Cartography: Open-source tool from Lyft that creates a graph database of your cloud infrastructure, mapping relationships between resources, identities, and network paths. Invaluable for understanding lateral movement paths and blast radius analysis.

Building Cloud IR Readiness

The organizations that respond effectively to cloud incidents are those that prepared before the incident occurred. Cloud IR readiness is not a one-time project — it is an ongoing practice that must evolve as your cloud environment grows and changes.

Enable logging comprehensively. If there is one action you take after reading this article, make it this: audit every cloud account and ensure that all security-relevant logging is enabled, centralized, and retained for at least 365 days. This single step has more impact on your IR capability than any other.
Maintain cloud architecture diagrams. During an incident, responders need to quickly understand the environment — what accounts exist, what services are deployed, how they connect, where sensitive data lives. Automated tools like CloudQuery, Steampipe, or native cloud asset inventories can generate up-to-date architecture maps.
Pre-stage automated evidence collection. Write and test scripts that automatically capture disk snapshots, instance metadata, memory dumps, and log exports. When an incident occurs, manual evidence collection is too slow for ephemeral environments. Automation ensures consistent, complete, and timely collection.
Conduct cloud-specific tabletop exercises. Traditional tabletop exercises often assume on-premises infrastructure. Design exercises that specifically test your team's ability to investigate in cloud environments — compromised IAM credentials, public bucket exposure, crypto-mining in unused regions, cross-account lateral movement.
Establish cloud provider IR contacts. Know how to reach your cloud provider's security IR team before you need them. For AWS, this is the AWS Customer Incident Response Team (CIRT). For Azure, this is Microsoft DART. For GCP, this is the Google Cloud Incident Response team. Understand what support your contract tier entitles you to.

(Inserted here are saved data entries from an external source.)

lemma gasp_decodable_t_private:
  fixes \<omega> :: "'a::{field,finite}"
  assumes \<omega>: "primitive_root_of_unity q \<omega>" and q: "Max (gasp_table r K L T) < q"
    and alpha_s: "\<And>i. i < T \<Longrightarrow> gasp_alpha_s r K L T i = K * L + c * i" and "coprime q c"
  shows "decodable K L T (gasp_alpha_p r K L T) (gasp_alpha_s r K L T) (gasp_beta_p r K L T)
           (gasp_beta_s r K L T) rA cA cB (card (gasp_table r K L T)) (\<lambda>n. \<omega> ^ (n - 1))
       \<and> t_private K L T (gasp_alpha_p r K L T) (gasp_alpha_s r K L T) (gasp_beta_p r K L T)
           (gasp_beta_s r K L T) rA cA cB (card (gasp_table r K L T)) (\<lambda>n. \<omega> ^ (n - 1))"
proof
  let ?D = "gasp_table r K L T"
  have D_below_q: "?D \<subseteq> {..<q}"
  proof
    fix d assume "d \<in> ?D"
    then have "d \<le> Max ?D"
      by (simp add: gasp_table_def finite_degree_table)
    then show "d \<in> {..<q}"
      using q by simp
  qed
  then have N: "card ?D \<le> q"
    using card_mono[of "{..<q}" ?D] by simp
  show "decodable K L T (gasp_alpha_p r K L T) (gasp_alpha_s r K L T) (gasp_beta_p r K L T)
          (gasp_beta_s r K L T) rA cA cB (card ?D) (\<lambda>n. \<omega> ^ (n - 1))"
    unfolding gasp_table_eq gasp_alpha_p_eq gasp_beta_p_eq
  proof (rule decodable_polynomial_code)
    show "inj_on (\<lambda>d. \<omega> ^ d)
        (degree_table K L T (\<lambda>i. i) (gasp_alpha_s r K L T) (\<lambda>j. K * j) (gasp_beta_s r K L T))"
      using inj_on_subset[OF inj_on_power_primitive_root[OF \<omega> coprime_1_right] D_below_q]
      by (simp add: gasp_table_eq)
  qed (simp_all add: alpha_s gasp_beta_s_def)
  show "t_private K L T (gasp_alpha_p r K L T) (gasp_alpha_s r K L T) (gasp_beta_p r K L T)
          (gasp_beta_s r K L T) rA cA cB (card ?D) (\<lambda>n. \<omega> ^ (n - 1))"
  proof (rule t_private_if_secret_degrees_progression[OF alpha_s, where Eb = "K * L" and cb = 1])
    show "inj_on (\<lambda>n. (\<omega> ^ (n - 1)) ^ c) {1..card ?D}"
      by (rule inj_on_shifted_power_primitive_root[OF \<omega> \<open>coprime q c\<close> N])
    show "inj_on (\<lambda>n. (\<omega> ^ (n - 1)) ^ 1) {1..card ?D}"
      by (rule inj_on_shifted_power_primitive_root[OF \<omega> coprime_1_right N])
  qed (simp_all add: gasp_beta_s_def primitive_root_of_unity_nonzero[OF \<omega>])
qed
definition lipschitz_vertex :: "'a set \<Rightarrow> ('a \<Rightarrow> 'a \<Rightarrow> bool) \<Rightarrow> ('a \<Rightarrow> 'a set \<Rightarrow> real)
    \<Rightarrow> 'a \<Rightarrow> real \<Rightarrow> bool" where
  "lipschitz_vertex V E f v K \<longleftrightarrow>
     (\<forall>A A'. A \<subseteq> nbhd V E v \<longrightarrow> A' \<subseteq> nbhd V E v \<longrightarrow>
        \<bar>f v A - f v A'\<bar> \<le> K * real (card ((A - A') \<union> (A' - A))) / real (deg V E v))"

text \<open>Ordered partitions (S_1,...,S_n) with S_i = {w_i^1,...,w_i^r}, encoded as
  bijections w : {..<n} \<times> {..<r} \<rightarrow> V (extensional), w(i,j) = w_i^j.\<close>
definition partitions :: "'a set \<Rightarrow> nat \<Rightarrow> nat \<Rightarrow> ((nat \<times> nat) \<Rightarrow> 'a) set" where
  "partitions V n r = {w \<in> ({..<n} \<times> {..<r}) \<rightarrow>\<^sub>E V. bij_betw w ({..<n} \<times> {..<r}) V}"

definition Bvecs :: "nat \<Rightarrow> nat \<Rightarrow> nat \<Rightarrow> (nat \<Rightarrow> nat set) set" where
  "Bvecs n r p = ({..<n} \<rightarrow>\<^sub>E {B. B \<subseteq> {..<r} \<and> card B = p})"

definition Tset :: "nat \<Rightarrow> (nat \<Rightarrow> nat set) \<Rightarrow> ((nat \<times> nat) \<Rightarrow> 'a) \<Rightarrow> 'a set" where
  "Tset n B w = {w (i, j) | i j. i < n \<and> j \<in> B i}"

text \<open>E_B(xi | P): average over the uniform, independent B_i.\<close>
definition cond_exp_xi :: "'a set \<Rightarrow> ('a \<Rightarrow> 'a \<Rightarrow> bool) \<Rightarrow> ('a \<Rightarrow> 'a set \<Rightarrow> real)
    \<Rightarrow> nat \<Rightarrow> nat \<Rightarrow> nat \<Rightarrow> ((nat \<times> nat) \<Rightarrow> 'a) \<Rightarrow> real" where
  "cond_exp_xi V E f n p q w =
     (\<Sum>B\<in>Bvecs n (p + q) p. xi V E f n p q (Tset n B w)) / real (card (Bvecs n (p + q) p))"

end

theory Submission
  imports Defs "HOL-Combinatorics.Transposition"
begin

text \<open>Fix the partition and a vertex v = w(i,j). Exchanging unit j of block i with another
  unit k of the same block is a bijection between the assignments that treat j but not k and
  those that treat k but not j. Every assignment treating j has q untreated partners k and every
  assignment not treating j has p treated ones, so the sum of sigma_T(v) f_v(T) over all
  assignments is a sum of differences f_v(T) - f_v(T') with T and T' differing only in w(i,k);
  by the Lipschitz condition each is at most K_v / d(v) if w(i,k) is a neighbour of v, and 0
  otherwise. Under a uniformly random partition (w(i,j), w(i,k)) is a uniformly random ordered
  pair of distinct vertices, and K_v / d(v) summed over all ordered adjacent pairs (v, u) is the
  sum of all K_v.\<close>

section \<open>Counting treatment vectors\<close>

lemma finite_Bvecs: "finite (Bvecs n r p)"
  unfolding Bvecs_def by (intro finite_PiE) auto

lemma Bvecs_memD:
  assumes "B \<in> Bvecs n r p" "i < n"
  shows "B i \<subseteq> {..<r}" "card (B i) = p"
  using assms unfolding Bvecs_def by (auto simp: PiE_iff)

lemma fun_upd_in_Bvecs:
  assumes "B \<in> Bvecs n r p" "i < n" "X \<subseteq> {..<r}" "card X = p"
  shows "B(i := X) \<in> Bvecs n r p"
  using assms unfolding Bvecs_def by (auto simp: PiE_iff extensional_def)

lemma card_Bvecs: "card (Bvecs n r p) = (r choose p) ^ n"
  unfolding Bvecs_def using n_subsets[of "{..<r}" p] by (simp add: card_PiE)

"In cloud IR, the incident response process starts months before the incident. The logging you enable today, the retention you configure today, and the IR roles you pre-stage today determine whether you can investigate effectively when a breach occurs."

Cloud environments fundamentally change the practice of incident response, but the core principles remain the same: prepare in advance, detect quickly, contain decisively, preserve evidence carefully, and learn from every incident. The organizations that treat cloud IR as a distinct discipline — not an afterthought bolted onto their existing IR program — are the ones that will navigate cloud incidents with the speed and precision these environments demand.